lemma collatz_wielandt_less_iff:
  assumes "\<And>i. i < n \<Longrightarrow> 0 < x i"
  shows "collatz_wielandt x < b \<longleftrightarrow> (\<forall>i<n. T x i < b * x i ^ p)"
proof -
  have "collatz_wielandt x < b \<longleftrightarrow> (\<forall>i<n. T x i / x i ^ p < b)"
    unfolding collatz_wielandt_def using dim_pos by (auto simp: Max_less_iff lessThan_empty_iff)
  also have "\<dots> \<longleftrightarrow> (\<forall>i<n. T x i < b * x i ^ p)"
    using assms by (simp add: pos_divide_less_eq)
  finally show ?thesis .
qed

lemma collatz_wielandt_nonneg:
  assumes "\<And>i. i < n \<Longrightarrow> 0 < x i"
  shows "0 \<le> collatz_wielandt x"
proof -
  have "0 \<le> T x 0 / x 0 ^ p"
    using real_tensor_apply_nonneg[of 0 x] assms dim_pos by (simp add: less_imp_le)
  also have "\<dots> \<le> collatz_wielandt x"
    unfolding collatz_wielandt_def using dim_pos by (intro Max_ge) auto
  finally show ?thesis .
qed

lemma collatz_wielandt_scale:
  assumes "0 < c" and "\<And>i. i < n \<Longrightarrow> y i = c * x i"
  shows "collatz_wielandt y = collatz_wielandt x"
proof -
  have "T y i = c ^ p * T x i" for i
    using real_tensor_apply_cong[of y "\<lambda>i. c * x i"] assms(2) real_tensor_apply_homogeneous by simp
  then have "T y i / y i ^ p = T x i / x i ^ p" if "i < n" for i
    using assms that by (simp add: power_mult_distrib)
  then show ?thesis
    unfolding collatz_wielandt_def by (intro arg_cong[where f=Max] image_cong) auto
qed

definition coord_box :: "real \<Rightarrow> (nat \<Rightarrow> real) set" where
  "coord_box C = {x. (\<forall>i<n. 1 \<le> x i \<and> x i \<le> C) \<and> (\<forall>i\<ge>n. x i = 0)}"

lemma compact_coord_box: "compact (coord_box C)"
proof -
  have "coord_box C = PiE UNIV (\<lambda>i. if i < n then {1..C} else {0})"
    unfolding set_eq_iff coord_box_def PiE_UNIV_domain Pi_iff
    by (simp add: all_conj_distrib not_less)
  then show ?thesis
    by (simp add: compact_PiE_UNIV)
qed

lemma continuous_on_collatz_wielandt: "continuous_on (coord_box C) collatz_wielandt"
proof -
  have "continuous_on (coord_box C) (\<lambda>x. T x i / x i ^ p)" if "i < n" for i
    unfolding real_tensor_apply_def using that
    by (intro continuous_intros continuous_on_subset[OF continuous_on_product_coordinates])
       (auto simp: coord_box_def dest!: spec[of _ i])
  then show ?thesis
    unfolding collatz_wielandt_def using dim_pos
    by (intro continuous_on_Max_image) (auto simp: lessThan_empty_iff)
qed

text \<open>Rescaling by the least coordinate puts the sublevel sets of the Collatz-Wielandt function
  into a fixed compact box.\<close>
lemma collatz_wielandt_sublevel_normalized:
  assumes "0 \<le> \<beta>"
  obtains C where "1 \<le> C"
    and "\<And>y. (\<And>i. i < n \<Longrightarrow> 0 < y i) \<Longrightarrow> collatz_wielandt y \<le> \<beta> \<Longrightarrow>
      \<exists>z\<in>coord_box C. collatz_wielandt z = collatz_wielandt y"
proof -
  obtain C where C: "1 \<le> C"
    "\<And>y i0 j. \<forall>i<n. 0 < y i \<and> y i0 \<le> y i \<and> T y i \<le> \<beta> * y i ^ p \<Longrightarrow> i0 < n \<Longrightarrow> j < n
      \<Longrightarrow> y j \<le> C * y i0"
    using subeigen_uniform_bound[OF assms] by blast
  show thesis
  proof (rule that[OF C(1)])
    fix y assume y: "\<And>i. i < n \<Longrightarrow> 0 < y i" and le: "collatz_wielandt y \<le> \<beta>"
    have "Min (y ` {..<n}) \<in> y ` {..<n}"
      using dim_pos by (intro Min_in) (auto simp: lessThan_empty_iff)
    then obtain i0 where i0: "i0 < n" "y i0 = Min (y ` {..<n})"
      by auto
    have min: "y i0 \<le> y i" if "i < n" for i
      using i0(2) that by simp
    have sub: "\<forall>i<n. 0 < y i \<and> y i0 \<le> y i \<and> T y i \<le> \<beta> * y i ^ p"
      using y min le collatz_wielandt_le_iff[OF y] by auto
    define z where "z = (\<lambda>i. if i < n then y i / y i0 else 0)"
    have "1 \<le> z i \<and> z i \<le> C" if "i < n" for i
      using min[OF that] C(2)[OF sub i0(1) that] y[OF i0(1)] that
      by (simp add: z_def le_divide_eq divide_le_eq)
    then have "z \<in> coord_box C"
      by (simp add: coord_box_def z_def)
    moreover have "collatz_wielandt z = collatz_wielandt y"
      by (rule collatz_wielandt_scale[of "1 / y i0"]) (use y[OF i0(1)] in \<open>auto simp: z_def\<close>)
    ultimately show "\<exists>z\<in>coord_box C. collatz_wielandt z = collatz_wielandt y"
      by blast
  qed
qed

----------------------------------------

Required action:
Check each line above for the string "lambda" and return those that contain it.

Response for this exercise:
    using real_tensor_apply_cong[of y "\<lambda>i. c * x i"] assms(2) real_tensor_apply_homogeneous by simp
  have "coord_box C = PiE UNIV (\<lambda>i. if i < n then {1..C} else {0})"
  have "continuous_on (coord_box C) (\<lambda>x. T x i / x i ^ p)" if "i < n" for i
    define z where "z = (\<lambda>i. if i < n then y i / y i0 else 0)"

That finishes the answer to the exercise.